Of all the hoarders or people with hoarding tendancies I've known, the common theme is that they are trying to cling on to some memory. As if the objects around them will help them keep something from fading away. Or they're stuck at some point in their life when something awful happened and they can't move past it. The inanimate object has become some sort of touch stone or remembrance. Often, the inanimate objects must be 'saved' in the emotional as well as the physical sense, as it often has become almost animate in the eyes of the hoarder. Here's a way to explore the reasoning behind hoarding. Think about people who name their cars - a lot of people do this. I, myself, feel sometimes, what I think is a strange attachment to my car. After all, it drove me back and forth to college, has made countless trips to the barn (whichever barn that happened to be), was given to me with all the love and affection a father could possibly have for his daughter and drove me and my new little family across these United States. I am sentimental about the old thing - I actually took a picture of it this morning as it had spent it's first night in the snow.

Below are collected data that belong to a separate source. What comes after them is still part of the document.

(* In the algorithm described in the context, for each agent $i$ and each round $r$, when $N$ is sufficiently large such that $N\ge4\ln N$, the number $V_i^r$ of perturbed adoption vectors sampled by agent $i$ in round $r$ satisfies $$\frac{3(1-\beta)}{32}hg(N)\le V_i^r\le\frac{15}{8}hg(N)$$ with probability at least $1-\frac{6M+3}{N^{10}}$.
   Context: Setting. $\mathcal G=(\mathcal N,\mathcal E)$ is a connected, non-bipartite undirected graph on agents $\mathcal N=\{1,\dots,N\}$; $\mathcal N_i$ is the neighbor set of $i$, $N_i=|\mathcal N_i|$. There are $M$ options; quality signals $\Phi_j^r\in\{0,1\}$ are i.i.d. Bernoulli$(\eta_j)$ over rounds $r$. $X^r_{i,j}\in\{0,1\}$ indicates agent $i$ adopts option $j$ in round $r$ ($\sum_jX^r_{i,j}\le1$); $D^r_j=\sum_iX^r_{i,j}$, $D^r=\sum_jD^r_j$, $Q^r_j=D^r_j/D^r$, $Q^0_j=1/M$. The function $g:\mathbb N^+\to\mathbb R$ satisfies: for every $\ell>0$, $g(N)>\ell\ln N$ and $g(N)<\ell N$ for all sufficiently large $N$. Parameters: $\varepsilon>0$, $\mu\in(0,1)$, $\beta\in(1/2,1)$, $\sigma\ge11$, $h=16\sigma/(1-\beta)$. Metropolis–Hastings random walk: from $i$ move to $i'\in\mathcal N_i$ with probability $\min\{1/N_i,1/N_{i'}\}$, else stay; walk length $L=O(\log N)$ chosen so that the endpoint is at each agent with probability in $[\frac1N-\frac1{N^3},\frac1N+\frac1{N^3}]$. Round $r$: (1) an agent that adopted an option in round $r-1$ perturbs each coordinate of its adoption vector independently (keep with probability $\frac{e^{\varepsilon/2}}{e^{\varepsilon/2}+1}$, flip otherwise); (2) each such agent launches $hg(N)$ independent random-walk tokens of length $L$ carrying its perturbed vector (forwarded via per-agent FIFO queues, up to $hg(N)$ tokens per agent per slot); a token is sampled by the agent where it ends; $V^r_i$ is the number of tokens sampled by $i$; (3) with $\Lambda^r_{i,j}$ the fraction of sampled vectors with $j$-th coordinate $1$, $\widetilde Q^r_{i,j}=\max\{\frac{e^{\varepsilon/2}+1}{e^{\varepsilon/2}-1}\Lambda^r_{i,j}-\frac1{e^{\varepsilon/2}-1},0\}$, $\widehat Q^r_{i,j}=\widetilde Q^r_{i,j}/\sum_{j'}\widetilde Q^r_{i,j'}$, and $i$ selects option $j$ with probability $(1-\mu)\widehat Q^r_{i,j}+\mu/M$; (4) having selected $j^*$, $i$ adopts it with probability $\beta$ if $\Phi^r_{j^*}=1$, $1-\beta$ if $\Phi^r_{j^*}=0$, else adopts nothing. *)

theory Defs
  imports "HOL-Probability.Probability"
begin
(* Let $\lambda_0>0$, $k_0 = 2\pi/\lambda_0$, $z_\text{b}>0$, and let $x_\text{b}^{(1)} < x_\text{b}^{(2)}$ be real numbers. Set $\mathcal{O}_\text{d} = (-\infty, x_\text{b}^{(1)}) \cup (x_\text{b}^{(2)}, +\infty)$. For $z>z_\text{b}$ and $x,\nu\in\mathbb{R}$ define $$K(z,x,\nu) = \frac{j}{\lambda_0 \sqrt{z_\text{b}\,(z-z_\text{b})}} \int_{\mathcal{O}_\text{d}} e^{-j \frac{k_0}{2 z_\text{b}} (\xi-\nu)^2}\, e^{-j \frac{k_0}{2 (z-z_\text{b})} (x-\xi)^2} \, \mathrm{d}\xi .$$ Then $$K(z,x,\nu) = \frac{1}{2} \sqrt{\frac{j}{\lambda_0 \, z}} \, e^{-j \frac{k_0}{2 z} (\nu-x)^2} \, F(z,x,\nu),$$ where $$F(z,x,\nu) = 1 + \operatorname{Erf}\!\left(\sqrt{\frac{j k_0 z}{2 z_\text{b} (z-z_\text{b})}} \left[ x_\text{b}^{(1)} - \frac{z_\text{b} x}{z} - \frac{(z-z_\text{b}) \nu}{z}\right]\right) + \operatorname{Erfc}\!\left(\sqrt{\frac{j k_0 z}{2 z_\text{b} (z-z_\text{b})}} \left[ x_\text{b}^{(2)} - \frac{z_\text{b} x}{z} - \frac{(z-z_\text{b}) \nu}{z}\right]\right).$$
   Context: Here $j$ denotes the imaginary unit ($j^2=-1$). Square roots of complex numbers are principal-branch square roots (so $\sqrt{j}=e^{j\pi/4}$, and $\sqrt{j\,c}=e^{j\pi/4}\sqrt{c}$ for $c>0$). The integrals over the unbounded intervals are oscillatory and are understood as improper (limit) integrals. $\operatorname{Erf}(w) = \frac{2}{\sqrt{\pi}}\int_0^w e^{-t^2}\,\mathrm{d}t$ is the error function extended to complex arguments (an entire function), and $\operatorname{Erfc}(w) = 1 - \operatorname{Erf}(w)$ is the complementary error function. The function $K$ is the paraxial knife-edge diffraction kernel from an aperture point $\nu$ on the plane $z=0$ to an observation point $(z,x)$ beyond a thin obstacle occupying $[x_\text{b}^{(1)},x_\text{b}^{(2)}]$ in the plane $z=z_\text{b}$. *)

theory Defs
  imports "HOL-Complex_Analysis.Complex_Analysis"
begin

text \<open>Complex error function: Erf w = 2/sqrt pi * integral of exp(-t^2) along the segment from 0 to w
  (path independent since the integrand is entire).\<close>
definition Erf :: "complex \<Rightarrow> complex" where
  "Erf w = (2 / of_real (sqrt pi)) * contour_integral (linepath 0 w) (\<lambda>t. exp (- (t ^ 2)))"

definition Erfc :: "complex \<Rightarrow> complex" where
  "Erfc w = 1 - Erf w"

definition kernel_integrand ::
  "real \<Rightarrow> real \<Rightarrow> real \<Rightarrow> real \<Rightarrow> real \<Rightarrow> real \<Rightarrow> complex" where
  "kernel_integrand k0 zb z x \<nu> \<xi> =
     exp (- \<i> * of_real (k0 / (2 * zb) * (\<xi> - \<nu>) ^ 2)) *
     exp (- \<i> * of_real (k0 / (2 * (z - zb)) * (x - \<xi>) ^ 2))"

This makes evolutionary sense - our prehistoric brains are not designed to deal with inanimate objects that so closely simulate a living creature. We assign the same affection to our cars as would to domesticated animals. So then multiply that affection by a lot (due to say, some faulty wiring) and we have an unhealthy attachment to an inanimate object. What triggers this faulty wiring? Perhaps a specific incident or repeated specific incidents.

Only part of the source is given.